Stored data entries
####
lemma rel_quality_sum_eq_1:
  assumes "prob_space M" "finite D" "\<And>i. i \<in> D \<Longrightarrow> T i \<in> borel_measurable M"
    and "AE \<omega> in M. inj_on (\<lambda>i. T i \<omega>) D" "m \<le> card D"
  shows "(\<Sum>A | A \<subseteq> D \<and> card A = m. rel_quality M T D A) = 1"
proof -
  interpret prob_space M by fact
  let ?S = "{A. A \<subseteq> D \<and> card A = m}"
  let ?U = "\<Union>A\<in>?S. top_event M T D A"
  have "finite ?S" by (rule finite_subset[of _ "Pow D"]) (use assms(2) in auto)
  have sets: "top_event M T D A \<in> sets M" if "A \<in> ?S" for A
    using top_event_sets[OF assms(2,3)] that by simp
  have "measure M ?U = (\<Sum>A\<in>?S. measure M (top_event M T D A))"
  proof (rule measure_finite_Union[OF \<open>finite ?S\<close>])
    show "disjoint_family_on (top_event M T D) ?S" unfolding disjoint_family_on_def
      by (intro ballI impI top_events_disjoint[OF assms(2)]) auto
  qed (use sets in \<open>auto simp: emeasure_eq_measure\<close>)
  moreover have "AE \<omega> in M. \<omega> \<in> ?U"
    using assms(4) AE_space
  proof eventually_elim
    case (elim \<omega>)
    then obtain A where "A \<subseteq> D" "card A = m" "\<omega> \<in> top_event M T D A"
      using top_event_exists[of D T \<omega> M, OF assms(2) elim assms(5)] by blast
    then show ?case by blast
  qed
  then have "measure M ?U = 1"
    by (rule AE_in_set_eq_1[THEN iffD1, rotated]) (use sets \<open>finite ?S\<close> in auto)
  ultimately show ?thesis by (simp add: rel_quality_eq_measure)
qed

lemma measure_event_E:
  assumes "prob_space M" "\<And>i. i \<in> comps n \<Longrightarrow> T i \<in> borel_measurable M"
    and part: "is_partition (comps n) r Cs" and a: "a \<in> tuples r Cs k"
  shows "measure M (event_E M T n r Cs k a)
       = (\<Sum>A\<in>with_counts r Cs (comps n) a. rel_quality M T (comps n) A)"
proof -
  interpret prob_space M by fact
  let ?W = "with_counts r Cs (comps n) a"
  have fin: "finite (comps n)" by (simp add: comps_def)
  have "finite ?W" using fin by (auto simp: with_counts_def intro: finite_subset[of _ "Pow (comps n)"])
  have "event_E M T n r Cs k a = (\<Union>A\<in>?W. top_event M T (comps n) A)"
    using with_counts_card[OF part fin a] a block_counts_eq_iff[of a r Cs]
    unfolding event_E_def top_event_def with_counts_def tuples_def by auto
  also have "measure M \<dots> = (\<Sum>A\<in>?W. measure M (top_event M T (comps n) A))"
  proof (rule measure_finite_Union[OF \<open>finite ?W\<close>])
    show "disjoint_family_on (top_event M T (comps n)) ?W" unfolding disjoint_family_on_def
      using with_counts_card[OF part fin a]
      by (intro ballI impI top_events_disjoint[OF fin]) (auto simp: with_counts_def)
  qed (use top_event_sets[OF fin assms(2)] in \<open>auto simp: with_counts_def\<close>)
  finally show ?thesis by (simp add: rel_quality_eq_measure)
qed

lemma block_rel_quality_sum_eq_1:
  assumes "prob_space M" "\<And>i. i \<in> C \<Longrightarrow> T i \<in> borel_measurable M"
    and "AE \<omega> in M. inj_on (\<lambda>i. T i \<omega>) C" "finite C"
    and "is_partition C r Cs" "j < r" "m \<le> card (Cs j)"
  shows "(\<Sum>B | B \<subseteq> Cs j \<and> card B = m. rel_quality M T (Cs j) B) = 1"
proof -
  have sub: "Cs j \<subseteq> C" using assms(5,6) by (auto simp: is_partition_def)
  have "AE \<omega> in M. inj_on (\<lambda>i. T i \<omega>) (Cs j)"
    using assms(3) by eventually_elim (rule inj_on_subset[OF _ sub])
  moreover have "finite (Cs j)" using finite_subset[OF sub assms(4)] .
  ultimately show ?thesis
    using rel_quality_sum_eq_1[OF assms(1)] assms(2) sub assms(7) by blast
qed

text \<open>The main identity c(a) = Pr(E_{k,a}): expand Pr(E_{k,a}) into qualities,
  apply decomposability, factorise over the blocks and use that each block sums to 1.\<close>
lemma coefficient_eq_prob_event_E:
  assumes "prob_space M" "\<And>i. i \<in> comps n \<Longrightarrow> T i \<in> borel_measurable M"
    and "AE \<omega> in M. inj_on (\<lambda>i. T i \<omega>) (comps n)"
    and part: "is_partition (comps n) r Cs" and "decomposable M T n r Cs c"
    and a: "a \<in> tuples r Cs k"
  shows "c a = measure M (event_E M T n r Cs k a)"
proof -
  let ?C = "comps n" and ?q = "rel_quality M T"
  have fin: "finite ?C" by (simp add: comps_def)
  have "measure M (event_E M T n r Cs k a) = (\<Sum>A\<in>with_counts r Cs ?C a. ?q ?C A)"
    using measure_event_E[OF assms(1,2) part a] .
  also have "\<dots> = (\<Sum>A\<in>with_counts r Cs ?C a. c a * (\<Prod>j<r. ?q (Cs j) (A \<inter> Cs j)))"
    using assms(5) by (intro sum.cong) (auto simp: decomposable_def with_counts_def)
  also have "\<dots> = c a * (\<Prod>j<r. \<Sum>B | B \<subseteq> Cs j \<and> card B = a ! j. ?q (Cs j) B)"
    using a sum_with_counts_factorise[OF part fin, where f = "\<lambda>j. ?q (Cs j)"]
    by (simp add: sum_distrib_left[symmetric] tuples_def)
  also have "\<dots> = c a"
    using a block_rel_quality_sum_eq_1[OF assms(1-3) fin part] by (simp add: tuples_def)
  finally show ?thesis by simp
qed

text \<open>Proposition 5: on T_k the coefficients are the probabilities of the events E_{k,a};
  in particular they are nonnegative and, regrouping the k-subsets of C by their
  block counts, they sum to \<Sum>_{|A| = k} q(A) = 1.\<close>
theorem proposition5:
  fixes M :: "'a measure" and T :: "nat \<Rightarrow> 'a \<Rightarrow> real"
    and n r :: nat and Cs :: "nat \<Rightarrow> nat set" and c :: "nat list \<Rightarrow> real"
  assumes "prob_space M"
    and "\<And>i. i \<in> comps n \<Longrightarrow> T i \<in> borel_measurable M"
    and "AE \<omega> in M. inj_on (\<lambda>i. T i \<omega>) (comps n)"
    and "is_partition (comps n) r Cs"
    and "decomposable M T n r Cs c"
    and "k \<le> n"
  shows "(\<forall>a\<in>tuples r Cs k. c a = measure M (event_E M T n r Cs k a))
         \<and> (\<forall>a\<in>tuples r Cs k. c a \<ge> 0) \<and> (\<Sum>a\<in>tuples r Cs k. c a) = 1"
proof -
  let ?C = "comps n"
  have fin: "finite ?C" and card: "card ?C = n" by (simp_all add: comps_def)
  note c_eq = coefficient_eq_prob_event_E[OF assms(1-5)]
  have "(\<Sum>a\<in>tuples r Cs k. c a) = (\<Sum>A | A \<subseteq> ?C \<and> card A = k. rel_quality M T ?C A)"
    using c_eq measure_event_E[OF assms(1,2,4)]
    by (simp add: sum_group_by_block_counts[OF assms(4) fin, symmetric])
  also have "\<dots> = 1"
    using rel_quality_sum_eq_1[OF assms(1) fin assms(2,3)] assms(6) card by simp
  finally show ?thesis using c_eq by simp
qed

end
(* Let $C$ be pre-treatment covariates, and let $M_0,M_1$ and $Y_0,Y_1$ be the counterfactual mediators and outcomes without and with treatment. (a) If $I$ and $I'$ are both organic interventions with respect to $C$, then $E(Y_{1,I=1})=E(Y_{1,I'=1})$; hence the organic direct effect $E(Y_{1,I=1})-E(Y_0)$ and the organic indirect effect $E(Y_1)-E(Y_{1,I=1})$ do not depend on the choice of organic intervention with respect to $C$. (b) Let $C$ and $\tilde C$ be two sets of pre-treatment common causes of mediator and outcome such that $C$ is not a common cause of mediator and outcome given $\tilde C$, and $\tilde C$ is not a common cause of mediator and outcome given $C$. If $I^C$ is an organic intervention with respect to $C$ and $I^{\tilde C}$ is an organic intervention with respect to $\tilde C$, then $E(Y_{1,I^C=1})=E(Y_{1,I^{\tilde C}=1})$, so the organic direct and indirect effects based on $I^C$ and on $I^{\tilde C}$ coincide.
   Context: For an intervention $I$ on the mediator applied together with treatment $A=1$, $M_{1,I=1}$ and $Y_{1,I=1}$ denote the mediator and outcome under treatment combined with $I$. An intervention $I$ is organic with respect to a set of covariates $C$ if (1) for all $c$, $M_{1,I=1}\mid C=c$ has the same distribution as $M_0\mid C=c$, and (2) for all $m,c$, $Y_{1,I=1}\mid M_{1,I=1}=m, C=c$ has the same distribution as $Y_1\mid M_1=m, C=c$. Organic direct effect: $E(Y_{1,I=1})-E(Y_0)$; organic indirect effect: $E(Y_1)-E(Y_{1,I=1})$. A variable $X$ is not a common cause of mediator and outcome given $C$ if either ($X\perp\!\!\!\perp M_0\mid C$ and $X\perp\!\!\!\perp M_1\mid C$) or $X\perp\!\!\!\perp Y_1\mid M_1, C$. Variables have (conditional) densities so that all conditional distributions and expectations used are well defined.
   Formalization: Part (b) assumes the law of ($M_0$, C, $\tilde C$) absolutely continuous with respect to the law of ($M_1$, C, $\tilde C$), and part (a) likewise for ($M_0$, C) and ($M_1$, C). The statement above fails without it. *)

theory Defs
  imports "HOL-Probability.Probability"
begin

definition cond_distr_kernel ::
  "'a measure \<Rightarrow> ('a \<Rightarrow> 'z) \<Rightarrow> 'z measure \<Rightarrow> ('a \<Rightarrow> 'x) \<Rightarrow> 'x measure \<Rightarrow> ('z \<Rightarrow> 'x measure) \<Rightarrow> bool"
where
  "cond_distr_kernel P Z MZ X MX K \<longleftrightarrow>
     K \<in> MZ \<rightarrow>\<^sub>M prob_algebra MX \<and>
     (\<forall>A\<in>sets MZ. \<forall>B\<in>sets MX.
        measure P {\<omega> \<in> space P. Z \<omega> \<in> A \<and> X \<omega> \<in> B} =
        (\<integral>\<omega>. indicator A (Z \<omega>) * measure (K (Z \<omega>)) B \<partial>P))"

text \<open>For all z, the distribution of X given Z = z equals the distribution of X' given Z' = z:
  there is a common conditional distribution kernel.\<close>
definition same_cond_distr ::
  "'a measure \<Rightarrow> ('a \<Rightarrow> 'z) \<Rightarrow> ('a \<Rightarrow> 'x) \<Rightarrow> ('a \<Rightarrow> 'z) \<Rightarrow> ('a \<Rightarrow> 'x) \<Rightarrow> 'z measure \<Rightarrow> 'x measure \<Rightarrow> bool"
where
  "same_cond_distr P Z X Z' X' MZ MX \<longleftrightarrow>
     (\<exists>K. cond_distr_kernel P Z MZ X MX K \<and> cond_distr_kernel P Z' MZ X' MX K)"

text \<open>An intervention I (with A = 1) producing mediator MI = M_{1,I=1} and outcome
  YI = Y_{1,I=1} is organic with respect to covariates C.\<close>
definition organic ::
  "'a measure \<Rightarrow> ('a \<Rightarrow> 'c::euclidean_space) \<Rightarrow> ('a \<Rightarrow> 'm::euclidean_space) \<Rightarrow> ('a \<Rightarrow> 'm)
   \<Rightarrow> ('a \<Rightarrow> real) \<Rightarrow> ('a \<Rightarrow> 'm) \<Rightarrow> ('a \<Rightarrow> real) \<Rightarrow> bool"
where
  "organic P C M0 M1 Y1 MI YI \<longleftrightarrow>
     same_cond_distr P C MI C M0 borel borel \<and>
     same_cond_distr P (\<lambda>\<omega>. (MI \<omega>, C \<omega>)) YI (\<lambda>\<omega>. (M1 \<omega>, C \<omega>)) Y1 borel borel"

definition cond_indep ::
  "'a measure \<Rightarrow> ('a \<Rightarrow> 'x) \<Rightarrow> 'x measure \<Rightarrow> ('a \<Rightarrow> 'z) \<Rightarrow> 'z measure
   \<Rightarrow> ('a \<Rightarrow> 'w) \<Rightarrow> 'w measure \<Rightarrow> bool"
where
  "cond_indep P X MX Z MZ W MW \<longleftrightarrow>
     (\<forall>A\<in>sets MX. \<forall>B\<in>sets MZ.
       AE \<omega> in P.
         real_cond_exp P (vimage_algebra (space P) W MW)
            (\<lambda>\<omega>. indicator A (X \<omega>) * indicator B (Z \<omega>)) \<omega> =
         real_cond_exp P (vimage_algebra (space P) W MW) (\<lambda>\<omega>. indicator A (X \<omega>)) \<omega> *
         real_cond_exp P (vimage_algebra (space P) W MW) (\<lambda>\<omega>. indicator B (Z \<omega>)) \<omega>)"

definition not_common_cause ::
  "'a measure \<Rightarrow> ('a \<Rightarrow> 'x::euclidean_space) \<Rightarrow> ('a \<Rightarrow> 'c::euclidean_space)
   \<Rightarrow> ('a \<Rightarrow> 'm::euclidean_space) \<Rightarrow> ('a \<Rightarrow> 'm) \<Rightarrow> ('a \<Rightarrow> real) \<Rightarrow> bool"
where
  "not_common_cause P X C M0 M1 Y1 \<longleftrightarrow>
     (cond_indep P X borel M0 borel C borel \<and> cond_indep P X borel M1 borel C borel) \<or>
     cond_indep P X borel Y1 borel (\<lambda>\<omega>. (M1 \<omega>, C \<omega>)) borel"

end

theory Submission
  imports Defs
begin

text \<open>
  By the mediational g-formula, an intervention that is organic with respect to C gives the
  outcome the law \<open>B \<mapsto> E[K(M\<^sub>0, C)(B)]\<close>, where K is the conditional law of \<open>Y\<^sub>1\<close> given
  \<open>(M\<^sub>1, C)\<close>. If \<open>\<rho>\<close> is the density of the law of \<open>(M\<^sub>0, C)\<close> with respect to that of
  \<open>(M\<^sub>1, C)\<close>, this law is \<open>B \<mapsto> E[\<rho>(M\<^sub>1, C) 1\<^sub>B(Y\<^sub>1)]\<close>: the law of \<open>Y\<^sub>1\<close> reweighted by
  \<open>\<rho>(M\<^sub>1, C)\<close>, which no longer mentions the intervention. Hence all organic interventions
  produce the same outcome law, and in particular the same mean.

  For two covariate sets C and \<open>C'\<close>, both outcome laws are shown to be \<open>Y\<^sub>1\<close> reweighted by
  the density of \<open>(M\<^sub>0, C, C')\<close> with respect to \<open>(M\<^sub>1, C, C')\<close>. That \<open>C'\<close> is not a common
  cause given C is exactly what permits adjoining \<open>C'\<close>: either \<open>C'\<close> is independent of \<open>Y\<^sub>1\<close>
  given \<open>(M\<^sub>1, C)\<close>, so K may be integrated against the finer density, or \<open>C'\<close> is independent
  of \<open>M\<^sub>0\<close> and of \<open>M\<^sub>1\<close> given C, so the finer density depends on \<open>(M, C)\<close> only.
\<close>

section \<open>Laws of pairs and reweighted laws\<close>

lemma measurable_fst_borel[measurable]:
  "fst \<in> borel_measurable (borel :: ('x::second_countable_topology \<times> 'y::second_countable_topology) measure)"
  using measurable_fst[of "borel :: 'x measure" "borel :: 'y measure"] by (simp add: borel_prod)

lemma measurable_snd_borel[measurable]:
  "snd \<in> borel_measurable (borel :: ('x::second_countable_topology \<times> 'y::second_countable_topology) measure)"
  using measurable_snd[of "borel :: 'x measure" "borel :: 'y measure"] by (simp add: borel_prod)

lemma Times_in_sets_borel[measurable]:
  fixes a :: "'x::second_countable_topology set" and b :: "'y::second_countable_topology set"
  shows "a \<in> sets borel \<Longrightarrow> b \<in> sets borel \<Longrightarrow> a \<times> b \<in> sets borel"
  using pair_measureI[of a "borel :: 'x measure" b "borel :: 'y measure"] unfolding borel_prod .

lemma measure_eqI_borel_rectangles:
  fixes M N :: "('x::second_countable_topology \<times> 'y::second_countable_topology) measure"
  assumes sets_M: "sets M = sets borel" and sets_N: "sets N = sets borel"
    and finite: "emeasure M UNIV \<noteq> \<infinity>"
    and rectangles: "\<And>a b. a \<in> sets borel \<Longrightarrow> b \<in> sets borel \<Longrightarrow> emeasure M (a \<times> b) = emeasure N (a \<times> b)"
  shows "M = N"
proof -
  let ?G = "{a \<times> b |a b. a \<in> sets (borel :: 'x measure) \<and> b \<in> sets (borel :: 'y measure)}"
  have sets_borel: "sets (borel :: ('x \<times> 'y) measure) = sigma_sets UNIV ?G"
    using sets_pair_measure[of "borel :: 'x measure" "borel :: 'y measure"] unfolding borel_prod by simp
  have "UNIV \<in> ?G"
    by (intro CollectI exI[of _ UNIV] conjI) simp_all
  then show ?thesis
    using sets_M sets_N sets_borel finite rectangles
    by (intro measure_eqI_generator_eq[OF Int_stable_pair_measure_generator[of borel borel],
          where \<Omega>=UNIV and A="\<lambda>_. UNIV"]) auto
qed

lemma emeasure_distr_Pair_Times:
  fixes X :: "'a \<Rightarrow> 'x::second_countable_topology" and Z :: "'a \<Rightarrow> 'z::second_countable_topology"
  assumes [measurable]: "X \<in> borel_measurable M" "Z \<in> borel_measurable M" "S \<in> sets borel" "B \<in> sets borel"
  shows "emeasure (distr M borel (\<lambda>\<omega>. (X \<omega>, Z \<omega>))) (S \<times> B) =
    (\<integral>\<^sup>+\<omega>. indicator S (X \<omega>) * indicator B (Z \<omega>) \<partial>M)"
proof -
  have "emeasure (distr M borel (\<lambda>\<omega>. (X \<omega>, Z \<omega>))) (S \<times> B) =
      (\<integral>\<^sup>+\<omega>. indicator ((\<lambda>\<omega>. (X \<omega>, Z \<omega>)) -` (S \<times> B) \<inter> space M) \<omega> \<partial>M)"
    by (simp add: emeasure_distr)
  also have "\<dots> = (\<integral>\<^sup>+\<omega>. indicator S (X \<omega>) * indicator B (Z \<omega>) \<partial>M)"
    by (rule nn_integral_cong) (auto simp: indicator_def)
  finally show ?thesis .
qed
####
Reproduce the lines of the records exactly, from the first one through the line that contains "(top_event M T D)".

# Exercise output
lemma rel_quality_sum_eq_1:
  assumes "prob_space M" "finite D" "\<And>i. i \<in> D \<Longrightarrow> T i \<in> borel_measurable M"
    and "AE \<omega> in M. inj_on (\<lambda>i. T i \<omega>) D" "m \<le> card D"
  shows "(\<Sum>A | A \<subseteq> D \<and> card A = m. rel_quality M T D A) = 1"
proof -
  interpret prob_space M by fact
  let ?S = "{A. A \<subseteq> D \<and> card A = m}"
  let ?U = "\<Union>A\<in>?S. top_event M T D A"
  have "finite ?S" by (rule finite_subset[of _ "Pow D"]) (use assms(2) in auto)
  have sets: "top_event M T D A \<in> sets M" if "A \<in> ?S" for A
    using top_event_sets[OF assms(2,3)] that by simp
  have "measure M ?U = (\<Sum>A\<in>?S. measure M (top_event M T D A))"
  proof (rule measure_finite_Union[OF \<open>finite ?S\<close>])
    show "disjoint_family_on (top_event M T D) ?S" unfolding disjoint_family_on_def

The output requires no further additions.